The starting point of Political Liberalism is the recognition that free exercise of reason inevitably leads to a diversity of incompatible comprehensive doctrines — different religions, metaphysical views, and conceptions of the good life. This is not a failure but the natural outcome of liberty. The question is how a just society can be stable when its citizens disagree so deeply about the fundamentals.
Public reason requires that political justifications for constitutional essentials and basic justice be given in terms that all reasonable citizens can in principle accept — not in terms of comprehensive doctrines they reject. A politician who argues for a particular law solely on the basis of Scripture, or solely on the basis of a philosophical doctrine that many reject, fails the test of public reason, even if the conclusion is correct.

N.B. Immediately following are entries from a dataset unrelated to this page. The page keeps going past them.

(* Let $\varphi_0\in\mathbb{R}$ and let $v$ be a smooth function with $v(\varphi)>0$ and $v'(\varphi)>0$ for all $\varphi\ge\varphi_0$. Let $h_1,h_2$ be two solutions of $h'=\sqrt{h^2-v}$ in the region $\{(\varphi,h):\varphi\ge\varphi_0,\ h>\sqrt{v(\varphi)}\}$ with $h_2(\varphi_0)>h_1(\varphi_0)$, and set $\mathfrak{h}_i(\varphi)=h_i(\varphi)/\sqrt{v(\varphi)}$, $i=1,2$. Then, for all $\varphi$ at which both are defined, $$\mathfrak{h}_2(\varphi)>\mathfrak{h}_1(\varphi)\quad(\varphi\ge\varphi_0),$$ and $$\frac{\mathfrak{h}_2(\varphi)}{\mathfrak{h}_1(\varphi)}>\frac{\mathfrak{h}_2(\varphi')}{\mathfrak{h}_1(\varphi')}\quad\text{for all }\varphi>\varphi'>\varphi_0.$$ *)

theory Defs
  imports "HOL-Analysis.Analysis"
begin

definition smooth_on :: "real set \<Rightarrow> (real \<Rightarrow> real) \<Rightarrow> bool" where
  "smooth_on U f \<longleftrightarrow> (\<forall>n. \<forall>x\<in>U. ((deriv ^^ n) f) differentiable (at x))"

end

theory Submission
  imports Defs
begin

text \<open>Normalising by \<open>sqrt v\<close> does not change the quotient of two solutions, so both claims
  are statements about \<open>h\<^sub>2 / h\<^sub>1\<close>. Its derivative has the sign of
  \<open>h\<^sub>1 sqrt (h\<^sub>2\<^sup>2 - v) - h\<^sub>2 sqrt (h\<^sub>1\<^sup>2 - v)\<close>, which is positive as long as
  \<open>h\<^sub>1 < h\<^sub>2\<close>, because \<open>t \<mapsto> sqrt (t\<^sup>2 - v) / t = sqrt (1 - v / t\<^sup>2)\<close> is strictly increasing.
  Hence the quotient increases for as long as it exceeds 1; since it exceeds 1 initially, a
  first point where \<open>h\<^sub>2 \<le> h\<^sub>1\<close> cannot exist, and the quotient increases everywhere.\<close>

lemma sqrt_square_diff_cross_less:
  fixes a b w :: real
  assumes "0 < w" and "sqrt w < a" and "a < b"
  shows "b * sqrt (a\<^sup>2 - w) < sqrt (b\<^sup>2 - w) * a"
proof -
  have "0 < a" using assms(2) real_sqrt_ge_zero[of w] \<open>0 < w\<close> by linarith
  have "sqrt w < sqrt (a\<^sup>2)" using \<open>0 < a\<close> assms(2) by simp
  then have "w < a\<^sup>2" by (simp only: real_sqrt_less_iff)
  have "a\<^sup>2 < b\<^sup>2" using \<open>0 < a\<close> \<open>a < b\<close> by (simp add: power_strict_mono)
  then have "b\<^sup>2 * (a\<^sup>2 - w) < (b\<^sup>2 - w) * a\<^sup>2"
    using \<open>0 < w\<close> by (simp add: algebra_simps)
  then have "sqrt (b\<^sup>2 * (a\<^sup>2 - w)) < sqrt ((b\<^sup>2 - w) * a\<^sup>2)"
    by simp
  then show ?thesis
    using \<open>0 < a\<close> \<open>a < b\<close> by (simp add: real_sqrt_mult)
qed

lemma continuous_on_pos_persists:
  fixes g :: "real \<Rightarrow> real"
  assumes "a \<le> b" and cont: "continuous_on {a..b} g" and "0 < g a"
    and step: "\<And>c. a < c \<Longrightarrow> c \<le> b \<Longrightarrow> (\<forall>y\<in>{a..<c}. 0 < g y) \<Longrightarrow> 0 < g c"
  shows "0 < g b"
proof (rule ccontr)
  assume "\<not> 0 < g b"
  define Z where "Z = {y \<in> {a..b}. g y \<le> 0}"
  have "b \<in> Z" using \<open>a \<le> b\<close> \<open>\<not> 0 < g b\<close> by (simp add: Z_def)
  have "closed Z"
    unfolding Z_def by (rule continuous_on_closed_Collect_le) (simp_all add: cont)
  have "bdd_below Z" unfolding Z_def by (rule bdd_belowI[of _ a]) simp
  define c where "c = Inf Z"
  have "c \<in> Z"
    unfolding c_def using \<open>b \<in> Z\<close> \<open>bdd_below Z\<close> \<open>closed Z\<close> closed_contains_Inf by blast
  then have "a < c" "c \<le> b" "g c \<le> 0"
    using \<open>0 < g a\<close> by (auto simp: Z_def order_le_less)
  moreover have "\<forall>y\<in>{a..<c}. 0 < g y"
  proof
    fix y assume "y \<in> {a..<c}"
    then have "y \<notin> Z" using cInf_lower[OF _ \<open>bdd_below Z\<close>] by (force simp: c_def)
    then show "0 < g y" using \<open>y \<in> {a..<c}\<close> \<open>c \<le> b\<close> by (auto simp: Z_def)
  qed
  ultimately show False using step by force
qed

lemma quotient_less_if_cross_derivative_less:
  fixes f g f' g' :: "real \<Rightarrow> real"
  assumes "is_interval I" and "r \<in> I" and "s \<in> I" and "r < s"
    and pos: "\<And>x. x \<in> I \<Longrightarrow> 0 < f x"
    and f: "\<And>x. x \<in> I \<Longrightarrow> (f has_real_derivative f' x) (at x within I)"
    and g: "\<And>x. x \<in> I \<Longrightarrow> (g has_real_derivative g' x) (at x within I)"
    and cross: "\<And>x. r < x \<Longrightarrow> x < s \<Longrightarrow> g x * f' x < g' x * f x"
  shows "g r / f r < g s / f s"
proof -
  have quotient: "((\<lambda>x. g x / f x) has_real_derivative
      (g' x * f x - g x * f' x) / (f x * f x)) (at x within I)" if "x \<in> I" for x
    using DERIV_divide[OF g[OF that] f[OF that]] pos[OF that] by simp
  have "{r..s} \<subseteq> I"
    using mem_is_interval_1_I[OF assms(1-3)] by auto
  show ?thesis
  proof (rule DERIV_pos_imp_increasing_open[OF \<open>r < s\<close>])
    fix x assume "r < x" "x < s"
    then have "x \<in> interior I"
      using interior_mono[OF \<open>{r..s} \<subseteq> I\<close>] by fastforce
    then have "x \<in> I" using interior_subset by blast
    have "0 < (g' x * f x - g x * f' x) / (f x * f x)"
      using cross[OF \<open>r < x\<close> \<open>x < s\<close>] pos[OF \<open>x \<in> I\<close>] by simp
    with quotient[OF \<open>x \<in> I\<close>, unfolded at_within_interior[OF \<open>x \<in> interior I\<close>]]
    show "\<exists>y. ((\<lambda>x. g x / f x) has_real_derivative y) (at x) \<and> 0 < y"
      by blast
  next
    show "continuous_on {r..s} (\<lambda>x. g x / f x)"
      using DERIV_continuous_on[OF quotient] \<open>{r..s} \<subseteq> I\<close> by (rule continuous_on_subset)
  qed
qed

lemma quotient_strict_mono_on_if_cross_derivative_less:
  fixes f g f' g' :: "real \<Rightarrow> real"
  assumes I: "is_interval I" and "a \<in> I" and "I \<subseteq> {a..}"
    and pos: "\<And>x. x \<in> I \<Longrightarrow> 0 < f x"
    and f: "\<And>x. x \<in> I \<Longrightarrow> (f has_real_derivative f' x) (at x within I)"
    and g: "\<And>x. x \<in> I \<Longrightarrow> (g has_real_derivative g' x) (at x within I)"
    and cross: "\<And>x. x \<in> I \<Longrightarrow> f x < g x \<Longrightarrow> g x * f' x < g' x * f x"
    and "f a < g a"
  shows "\<forall>x\<in>I. f x < g x" and "strict_mono_on I (\<lambda>x. g x / f x)"
proof -
  have quotient_less: "g r / f r < g s / f s"
    if "r \<in> I" "s \<in> I" "r < s"
      and between: "\<And>y. y \<in> I \<Longrightarrow> r < y \<Longrightarrow> y < s \<Longrightarrow> f y < g y"
    for r s
  proof (rule quotient_less_if_cross_derivative_less[OF I that(1-3) pos f g])
    fix y assume "r < y" "y < s"
    then have "y \<in> I" by (intro mem_is_interval_1_I[OF I that(1,2)]) simp_all
    then show "g y * f' y < g' y * f y"
      using cross between[OF _ \<open>r < y\<close> \<open>y < s\<close>] by blast
  qed
  show "\<forall>x\<in>I. f x < g x"
  proof
    fix x assume "x \<in> I"
    have "{a..x} \<subseteq> I" using mem_is_interval_1_I[OF I \<open>a \<in> I\<close> \<open>x \<in> I\<close>] by auto
    have "0 < g x - f x"
    proof (rule continuous_on_pos_persists[where g = "\<lambda>y. g y - f y"])
      show "a \<le> x" "0 < g a - f a" using \<open>x \<in> I\<close> \<open>I \<subseteq> {a..}\<close> \<open>f a < g a\<close> by auto
      show "continuous_on {a..x} (\<lambda>y. g y - f y)"
        using DERIV_continuous_on[OF f] DERIV_continuous_on[OF g] \<open>{a..x} \<subseteq> I\<close>
        by (intro continuous_on_diff) (auto intro: continuous_on_subset)
      fix c assume "a < c" "c \<le> x" and positive: "\<forall>y\<in>{a..<c}. 0 < g y - f y"
      then have "c \<in> I" using \<open>{a..x} \<subseteq> I\<close> by auto
      have "g a / f a < g c / f c"
        using quotient_less[OF \<open>a \<in> I\<close> \<open>c \<in> I\<close> \<open>a < c\<close>] positive by simp
      moreover have "1 < g a / f a" using \<open>f a < g a\<close> pos[OF \<open>a \<in> I\<close>] by simp
      ultimately have "1 < g c / f c" by linarith
      then show "0 < g c - f c" using pos[OF \<open>c \<in> I\<close>] by (simp add: less_divide_eq)
    qed
    then show "f x < g x" by simp
  qed
  then show "strict_mono_on I (\<lambda>x. g x / f x)"
    by (intro strict_mono_onI quotient_less) blast+
qed

theorem proposition4:
  fixes v h1 h2 :: "real \<Rightarrow> real" and \<phi>0 :: real and U I1 I2 :: "real set"
  assumes "open U" and "{\<phi>0..} \<subseteq> U" and "smooth_on U v"
    and "\<And>\<phi>. \<phi> \<ge> \<phi>0 \<Longrightarrow> v \<phi> > 0"
    and "\<And>\<phi>. \<phi> \<ge> \<phi>0 \<Longrightarrow> deriv v \<phi> > 0"
    and "is_interval I1" and "\<phi>0 \<in> I1" and "I1 \<subseteq> {\<phi>0..}"
    and "is_interval I2" and "\<phi>0 \<in> I2" and "I2 \<subseteq> {\<phi>0..}"
    and "\<And>\<phi>. \<phi> \<in> I1 \<Longrightarrow> h1 \<phi> > sqrt (v \<phi>) \<and>
            (h1 has_real_derivative sqrt ((h1 \<phi>)\<^sup>2 - v \<phi>)) (at \<phi> within I1)"
    and "\<And>\<phi>. \<phi> \<in> I2 \<Longrightarrow> h2 \<phi> > sqrt (v \<phi>) \<and>
            (h2 has_real_derivative sqrt ((h2 \<phi>)\<^sup>2 - v \<phi>)) (at \<phi> within I2)"
    and "h2 \<phi>0 > h1 \<phi>0"
  shows "(\<forall>\<phi> \<in> I1 \<inter> I2. h2 \<phi> / sqrt (v \<phi>) > h1 \<phi> / sqrt (v \<phi>))
       \<and> (\<forall>\<phi> \<in> I1 \<inter> I2. \<forall>\<phi>' \<in> I1 \<inter> I2. \<phi> > \<phi>' \<and> \<phi>' > \<phi>0 \<longrightarrow>
            (h2 \<phi> / sqrt (v \<phi>)) / (h1 \<phi> / sqrt (v \<phi>))
              > (h2 \<phi>' / sqrt (v \<phi>')) / (h1 \<phi>' / sqrt (v \<phi>')))"
proof -
  let ?I = "I1 \<inter> I2"
  have v: "0 < v \<phi>" if "\<phi> \<in> ?I" for \<phi> using assms(4,8) that by auto
  have h1: "sqrt (v \<phi>) < h1 \<phi>"
    "(h1 has_real_derivative sqrt ((h1 \<phi>)\<^sup>2 - v \<phi>)) (at \<phi> within ?I)" if "\<phi> \<in> ?I" for \<phi>
    using assms(12) that has_field_derivative_subset[of h1 _ _ I1 ?I] by auto
  have h2: "(h2 has_real_derivative sqrt ((h2 \<phi>)\<^sup>2 - v \<phi>)) (at \<phi> within ?I)"
    if "\<phi> \<in> ?I" for \<phi>
    using assms(13) that has_field_derivative_subset[of h2 _ _ I2 ?I] by auto
  have h1_pos: "0 < h1 \<phi>" if "\<phi> \<in> ?I" for \<phi>
    using h1(1)[OF that] real_sqrt_ge_zero[of "v \<phi>"] v[OF that] by linarith
  note comparison = quotient_strict_mono_on_if_cross_derivative_less
    [OF is_interval_Int[OF assms(6,9)] _ _ h1_pos h1(2) h2 _ assms(14)]
  have less: "\<forall>\<phi>\<in>?I. h1 \<phi> < h2 \<phi>" and mono: "strict_mono_on ?I (\<lambda>\<phi>. h2 \<phi> / h1 \<phi>)"
    using comparison assms(7,8,10) sqrt_square_diff_cross_less v h1(1) by auto
  have normalise: "(h2 \<phi> / sqrt (v \<phi>)) / (h1 \<phi> / sqrt (v \<phi>)) = h2 \<phi> / h1 \<phi>"
    if "\<phi> \<in> ?I" for \<phi> using v[OF that] by simp
  show ?thesis
  proof (intro conjI ballI impI)
    fix \<phi> assume "\<phi> \<in> ?I"
    then have "h1 \<phi> < h2 \<phi>" and "0 < sqrt (v \<phi>)" using less v by auto
    then show "h1 \<phi> / sqrt (v \<phi>) < h2 \<phi> / sqrt (v \<phi>)"
      by (rule divide_strict_right_mono)
  next
    fix \<phi> \<phi>' assume "\<phi> \<in> ?I" "\<phi>' \<in> ?I" "\<phi> > \<phi>' \<and> \<phi>' > \<phi>0"
    then have "h2 \<phi>' / h1 \<phi>' < h2 \<phi> / h1 \<phi>"
      using strict_mono_onD[OF mono] by blast
    then show "(h2 \<phi> / sqrt (v \<phi>)) / (h1 \<phi> / sqrt (v \<phi>))
        > (h2 \<phi>' / sqrt (v \<phi>')) / (h1 \<phi>' / sqrt (v \<phi>'))"
      unfolding normalise[OF \<open>\<phi> \<in> ?I\<close>] normalise[OF \<open>\<phi>' \<in> ?I\<close>] .
  qed
qed

end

Rawls allows comprehensive doctrines to enter public political debate provided that, in due course, citizens are willing to offer a public reason translation of the same conclusions. This "proviso" permits religious voices in democratic politics — indeed, Rawls credits abolitionism and the civil rights movement as examples of religious argument in service of public reason values — while insisting that the ultimate justification must be accessible to all.
Public reason is the central topic of the Introduction and Lecture VI of Political Liberalism (1993); Rawls revisited and expanded it in "The Idea of Public Reason Revisited" (1997).